**** Data to process ****
lemma profile_continuous: "continuous_on UNIV U"
  and profile_antimono: "antimono U"
  and profile_tendsto_at_bot: "(U \<longlongrightarrow> 1) at_bot"
  using wave unfolding finite_wavefront_def by auto

lemma profile_nonneg: "0 \<le> U t"
proof -
  obtain \<xi>0 where "\<forall>\<xi>\<ge>\<xi>0. U \<xi> = 0" using wave unfolding finite_wavefront_def by blast
  moreover have "U (max t \<xi>0) \<le> U t" using profile_antimono by (simp add: antimono_def)
  ultimately show ?thesis by simp
qed

lemma profile_le_one: "U t \<le> 1"
proof (rule tendsto_le[OF _ profile_tendsto_at_bot tendsto_const])
  show "\<forall>\<^sub>F x in at_bot. U t \<le> U x"
    unfolding eventually_at_bot_linorder using profile_antimono
    by (auto simp: antimono_def intro!: exI[of _ t])
qed simp

lemma power_has_derivative: "((\<lambda>t. U t powr m) has_real_derivative power_slope t) (at t)"
  using wave unfolding finite_wavefront_def tw_solution_def
  by (simp add: DERIV_deriv_iff_real_differentiable)

lemma power_slope_nonpos: "power_slope t \<le> 0"
proof (rule ccontr)
  assume "\<not> power_slope t \<le> 0"
  then obtain d where d: "d > 0" "\<And>e. 0 < e \<Longrightarrow> e < d \<Longrightarrow> U t powr m < U (t + e) powr m"
    using DERIV_pos_inc_right[OF power_has_derivative[of t]] by auto
  have "U (t + d/2) \<le> U t" using profile_antimono d(1) by (simp add: antimono_def)
  then have "U (t + d/2) powr m \<le> U t powr m"
    using profile_nonneg m_pos by (intro powr_mono2) auto
  moreover have "U t powr m < U (t + d/2) powr m" using d by simp
  ultimately show False by simp
qed

lemma power_slope_eq: "power_slope t = - (flux t powr (1 / (p - 1)))"
proof -
  have "flux t powr (1 / (p - 1)) = \<bar>power_slope t\<bar> powr ((p - 1) * (1 / (p - 1)))"
    unfolding wave_flux_def by (simp add: powr_powr)
  also have "\<dots> = - power_slope t" using p_gt1 power_slope_nonpos[of t] by simp
  finally show ?thesis by simp
qed

lemma flux_balance:
  assumes "a \<le> b"
  shows "flux integrable_on {a..b}"
    and "flux b = flux a - \<gamma> * integral {a..b} flux + integral {a..b} (\<lambda>s. h (U s)) + c * (U b - U a)"
proof -
  have pflux: "pflux p (power_slope t) = - flux t" for t
    using power_slope_nonpos[of t] unfolding pflux_def wave_flux_def
    by (cases "power_slope t = 0") auto
  have "(\<lambda>s. - flux s) integrable_on {a..b} \<and>
        - flux b + flux a + \<gamma> * integral {a..b} (\<lambda>s. - flux s) + integral {a..b} (\<lambda>s. h (U s))
          + c * (U b - U a) = 0"
    using wave assms unfolding finite_wavefront_def tw_solution_def Let_def pflux by simp
  then show "flux integrable_on {a..b}"
    and "flux b = flux a - \<gamma> * integral {a..b} flux + integral {a..b} (\<lambda>s. h (U s)) + c * (U b - U a)"
    by (simp_all add: integrable_neg_iff integral_neg)
qed

lemma h_profile_continuous: "continuous_on UNIV (\<lambda>s. h (U s))"
  by (rule continuous_on_compose2[OF h_continuous profile_continuous]) (auto simp: profile_nonneg)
****
What is being asked:
Scan the entries above and show each line that contains the word "ultimately".

Written response:
  ultimately show ?thesis by simp
  ultimately show False by simp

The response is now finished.